Exercise goal:
Please return all the records exactly, with nothing left out.

Segment Open

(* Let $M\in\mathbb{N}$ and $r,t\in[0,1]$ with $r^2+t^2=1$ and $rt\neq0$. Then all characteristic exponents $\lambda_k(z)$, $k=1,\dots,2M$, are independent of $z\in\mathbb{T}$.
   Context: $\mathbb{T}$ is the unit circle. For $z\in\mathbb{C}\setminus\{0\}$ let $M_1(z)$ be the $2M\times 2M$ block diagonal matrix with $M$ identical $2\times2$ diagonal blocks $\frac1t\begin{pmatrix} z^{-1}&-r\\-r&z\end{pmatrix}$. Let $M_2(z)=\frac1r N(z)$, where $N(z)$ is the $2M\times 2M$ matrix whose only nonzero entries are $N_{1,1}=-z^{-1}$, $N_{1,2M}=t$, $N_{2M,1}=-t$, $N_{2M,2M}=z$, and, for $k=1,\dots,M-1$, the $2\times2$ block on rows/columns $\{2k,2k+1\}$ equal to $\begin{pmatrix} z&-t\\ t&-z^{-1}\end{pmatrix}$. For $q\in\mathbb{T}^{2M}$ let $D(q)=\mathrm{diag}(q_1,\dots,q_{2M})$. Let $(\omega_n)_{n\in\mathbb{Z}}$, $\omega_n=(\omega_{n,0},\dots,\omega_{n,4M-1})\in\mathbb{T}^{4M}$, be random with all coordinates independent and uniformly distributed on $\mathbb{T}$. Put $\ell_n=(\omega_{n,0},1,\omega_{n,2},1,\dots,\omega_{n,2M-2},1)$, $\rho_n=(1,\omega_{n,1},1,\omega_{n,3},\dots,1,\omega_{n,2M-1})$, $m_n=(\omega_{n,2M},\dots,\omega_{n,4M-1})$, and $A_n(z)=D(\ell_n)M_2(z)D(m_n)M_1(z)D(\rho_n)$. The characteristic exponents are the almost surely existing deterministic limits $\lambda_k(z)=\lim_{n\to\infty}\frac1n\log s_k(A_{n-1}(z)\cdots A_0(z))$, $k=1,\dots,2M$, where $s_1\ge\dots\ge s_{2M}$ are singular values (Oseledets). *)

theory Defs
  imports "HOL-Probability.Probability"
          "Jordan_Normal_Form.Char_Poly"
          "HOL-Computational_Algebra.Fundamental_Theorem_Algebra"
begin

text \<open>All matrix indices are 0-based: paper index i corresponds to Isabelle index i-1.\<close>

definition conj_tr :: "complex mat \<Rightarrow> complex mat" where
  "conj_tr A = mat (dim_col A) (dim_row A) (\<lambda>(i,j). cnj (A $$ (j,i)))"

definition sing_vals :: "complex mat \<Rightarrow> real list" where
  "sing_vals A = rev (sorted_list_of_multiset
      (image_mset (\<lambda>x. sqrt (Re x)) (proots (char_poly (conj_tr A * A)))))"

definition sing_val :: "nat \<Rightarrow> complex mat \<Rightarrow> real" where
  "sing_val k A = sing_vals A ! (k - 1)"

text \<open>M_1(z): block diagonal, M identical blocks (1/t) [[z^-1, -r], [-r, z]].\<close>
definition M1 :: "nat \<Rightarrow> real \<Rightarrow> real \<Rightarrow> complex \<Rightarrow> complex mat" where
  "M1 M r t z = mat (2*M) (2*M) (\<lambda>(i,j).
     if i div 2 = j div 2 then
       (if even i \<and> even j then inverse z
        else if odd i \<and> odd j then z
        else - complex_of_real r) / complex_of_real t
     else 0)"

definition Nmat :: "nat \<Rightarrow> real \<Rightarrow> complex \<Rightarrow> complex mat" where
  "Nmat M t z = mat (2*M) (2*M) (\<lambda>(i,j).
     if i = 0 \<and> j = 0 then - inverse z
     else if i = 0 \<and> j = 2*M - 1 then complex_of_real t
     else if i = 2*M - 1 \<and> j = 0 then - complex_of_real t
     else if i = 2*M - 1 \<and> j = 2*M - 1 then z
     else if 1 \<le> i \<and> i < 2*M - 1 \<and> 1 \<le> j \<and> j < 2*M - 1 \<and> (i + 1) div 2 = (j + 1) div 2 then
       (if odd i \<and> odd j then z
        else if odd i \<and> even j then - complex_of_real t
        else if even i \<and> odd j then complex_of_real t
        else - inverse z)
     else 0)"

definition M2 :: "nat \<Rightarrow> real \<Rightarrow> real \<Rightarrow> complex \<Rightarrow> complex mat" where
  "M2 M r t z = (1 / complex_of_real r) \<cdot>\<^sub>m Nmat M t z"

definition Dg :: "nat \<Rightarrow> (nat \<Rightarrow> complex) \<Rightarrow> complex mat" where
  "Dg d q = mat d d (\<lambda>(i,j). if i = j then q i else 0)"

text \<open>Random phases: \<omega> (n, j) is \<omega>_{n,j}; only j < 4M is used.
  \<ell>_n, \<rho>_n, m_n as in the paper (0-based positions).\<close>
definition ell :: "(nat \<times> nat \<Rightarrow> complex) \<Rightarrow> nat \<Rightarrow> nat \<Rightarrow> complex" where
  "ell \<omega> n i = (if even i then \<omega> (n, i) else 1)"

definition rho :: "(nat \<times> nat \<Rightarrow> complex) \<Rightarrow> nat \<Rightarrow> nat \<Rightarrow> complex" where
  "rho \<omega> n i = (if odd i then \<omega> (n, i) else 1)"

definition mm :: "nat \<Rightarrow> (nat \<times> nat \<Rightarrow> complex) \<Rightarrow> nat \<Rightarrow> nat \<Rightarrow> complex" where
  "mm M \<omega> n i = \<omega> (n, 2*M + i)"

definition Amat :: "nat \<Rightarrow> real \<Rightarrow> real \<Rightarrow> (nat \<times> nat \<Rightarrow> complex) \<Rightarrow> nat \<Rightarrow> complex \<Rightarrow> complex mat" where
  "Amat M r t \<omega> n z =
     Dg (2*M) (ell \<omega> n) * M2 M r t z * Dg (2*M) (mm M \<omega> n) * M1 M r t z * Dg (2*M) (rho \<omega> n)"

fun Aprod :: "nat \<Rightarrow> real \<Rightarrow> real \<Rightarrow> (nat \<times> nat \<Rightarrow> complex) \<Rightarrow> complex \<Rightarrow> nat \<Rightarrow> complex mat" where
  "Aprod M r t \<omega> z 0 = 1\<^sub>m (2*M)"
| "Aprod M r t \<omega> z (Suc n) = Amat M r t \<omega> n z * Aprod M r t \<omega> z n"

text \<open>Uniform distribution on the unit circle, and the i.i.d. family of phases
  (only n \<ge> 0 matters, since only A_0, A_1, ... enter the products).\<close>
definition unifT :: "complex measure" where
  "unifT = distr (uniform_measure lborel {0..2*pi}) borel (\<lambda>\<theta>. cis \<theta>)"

Segment Closed

Result below:
(* Let $M\in\mathbb{N}$ and $r,t\in[0,1]$ with $r^2+t^2=1$ and $rt\neq0$. Then all characteristic exponents $\lambda_k(z)$, $k=1,\dots,2M$, are independent of $z\in\mathbb{T}$.
   Context: $\mathbb{T}$ is the unit circle. For $z\in\mathbb{C}\setminus\{0\}$ let $M_1(z)$ be the $2M\times 2M$ block diagonal matrix with $M$ identical $2\times2$ diagonal blocks $\frac1t\begin{pmatrix} z^{-1}&-r\\-r&z\end{pmatrix}$. Let $M_2(z)=\frac1r N(z)$, where $N(z)$ is the $2M\times 2M$ matrix whose only nonzero entries are $N_{1,1}=-z^{-1}$, $N_{1,2M}=t$, $N_{2M,1}=-t$, $N_{2M,2M}=z$, and, for $k=1,\dots,M-1$, the $2\times2$ block on rows/columns $\{2k,2k+1\}$ equal to $\begin{pmatrix} z&-t\\ t&-z^{-1}\end{pmatrix}$. For $q\in\mathbb{T}^{2M}$ let $D(q)=\mathrm{diag}(q_1,\dots,q_{2M})$. Let $(\omega_n)_{n\in\mathbb{Z}}$, $\omega_n=(\omega_{n,0},\dots,\omega_{n,4M-1})\in\mathbb{T}^{4M}$, be random with all coordinates independent and uniformly distributed on $\mathbb{T}$. Put $\ell_n=(\omega_{n,0},1,\omega_{n,2},1,\dots,\omega_{n,2M-2},1)$, $\rho_n=(1,\omega_{n,1},1,\omega_{n,3},\dots,1,\omega_{n,2M-1})$, $m_n=(\omega_{n,2M},\dots,\omega_{n,4M-1})$, and $A_n(z)=D(\ell_n)M_2(z)D(m_n)M_1(z)D(\rho_n)$. The characteristic exponents are the almost surely existing deterministic limits $\lambda_k(z)=\lim_{n\to\infty}\frac1n\log s_k(A_{n-1}(z)\cdots A_0(z))$, $k=1,\dots,2M$, where $s_1\ge\dots\ge s_{2M}$ are singular values (Oseledets). *)

theory Defs
  imports "HOL-Probability.Probability"
          "Jordan_Normal_Form.Char_Poly"
          "HOL-Computational_Algebra.Fundamental_Theorem_Algebra"
begin

text \<open>All matrix indices are 0-based: paper index i corresponds to Isabelle index i-1.\<close>

definition conj_tr :: "complex mat \<Rightarrow> complex mat" where
  "conj_tr A = mat (dim_col A) (dim_row A) (\<lambda>(i,j). cnj (A $$ (j,i)))"

definition sing_vals :: "complex mat \<Rightarrow> real list" where
  "sing_vals A = rev (sorted_list_of_multiset
      (image_mset (\<lambda>x. sqrt (Re x)) (proots (char_poly (conj_tr A * A)))))"

definition sing_val :: "nat \<Rightarrow> complex mat \<Rightarrow> real" where
  "sing_val k A = sing_vals A ! (k - 1)"

text \<open>M_1(z): block diagonal, M identical blocks (1/t) [[z^-1, -r], [-r, z]].\<close>
definition M1 :: "nat \<Rightarrow> real \<Rightarrow> real \<Rightarrow> complex \<Rightarrow> complex mat" where
  "M1 M r t z = mat (2*M) (2*M) (\<lambda>(i,j).
     if i div 2 = j div 2 then
       (if even i \<and> even j then inverse z
        else if odd i \<and> odd j then z
        else - complex_of_real r) / complex_of_real t
     else 0)"

definition Nmat :: "nat \<Rightarrow> real \<Rightarrow> complex \<Rightarrow> complex mat" where
  "Nmat M t z = mat (2*M) (2*M) (\<lambda>(i,j).
     if i = 0 \<and> j = 0 then - inverse z
     else if i = 0 \<and> j = 2*M - 1 then complex_of_real t
     else if i = 2*M - 1 \<and> j = 0 then - complex_of_real t
     else if i = 2*M - 1 \<and> j = 2*M - 1 then z
     else if 1 \<le> i \<and> i < 2*M - 1 \<and> 1 \<le> j \<and> j < 2*M - 1 \<and> (i + 1) div 2 = (j + 1) div 2 then
       (if odd i \<and> odd j then z
        else if odd i \<and> even j then - complex_of_real t
        else if even i \<and> odd j then complex_of_real t
        else - inverse z)
     else 0)"

definition M2 :: "nat \<Rightarrow> real \<Rightarrow> real \<Rightarrow> complex \<Rightarrow> complex mat" where
  "M2 M r t z = (1 / complex_of_real r) \<cdot>\<^sub>m Nmat M t z"

definition Dg :: "nat \<Rightarrow> (nat \<Rightarrow> complex) \<Rightarrow> complex mat" where
  "Dg d q = mat d d (\<lambda>(i,j). if i = j then q i else 0)"

text \<open>Random phases: \<omega> (n, j) is \<omega>_{n,j}; only j < 4M is used.
  \<ell>_n, \<rho>_n, m_n as in the paper (0-based positions).\<close>
definition ell :: "(nat \<times> nat \<Rightarrow> complex) \<Rightarrow> nat \<Rightarrow> nat \<Rightarrow> complex" where
  "ell \<omega> n i = (if even i then \<omega> (n, i) else 1)"

definition rho :: "(nat \<times> nat \<Rightarrow> complex) \<Rightarrow> nat \<Rightarrow> nat \<Rightarrow> complex" where
  "rho \<omega> n i = (if odd i then \<omega> (n, i) else 1)"

definition mm :: "nat \<Rightarrow> (nat \<times> nat \<Rightarrow> complex) \<Rightarrow> nat \<Rightarrow> nat \<Rightarrow> complex" where
  "mm M \<omega> n i = \<omega> (n, 2*M + i)"

definition Amat :: "nat \<Rightarrow> real \<Rightarrow> real \<Rightarrow> (nat \<times> nat \<Rightarrow> complex) \<Rightarrow> nat \<Rightarrow> complex \<Rightarrow> complex mat" where
  "Amat M r t \<omega> n z =
     Dg (2*M) (ell \<omega> n) * M2 M r t z * Dg (2*M) (mm M \<omega> n) * M1 M r t z * Dg (2*M) (rho \<omega> n)"

fun Aprod :: "nat \<Rightarrow> real \<Rightarrow> real \<Rightarrow> (nat \<times> nat \<Rightarrow> complex) \<Rightarrow> complex \<Rightarrow> nat \<Rightarrow> complex mat" where
  "Aprod M r t \<omega> z 0 = 1\<^sub>m (2*M)"
| "Aprod M r t \<omega> z (Suc n) = Amat M r t \<omega> n z * Aprod M r t \<omega> z n"

text \<open>Uniform distribution on the unit circle, and the i.i.d. family of phases
  (only n \<ge> 0 matters, since only A_0, A_1, ... enter the products).\<close>
definition unifT :: "complex measure" where
  "unifT = distr (uniform_measure lborel {0..2*pi}) borel (\<lambda>\<theta>. cis \<theta>)"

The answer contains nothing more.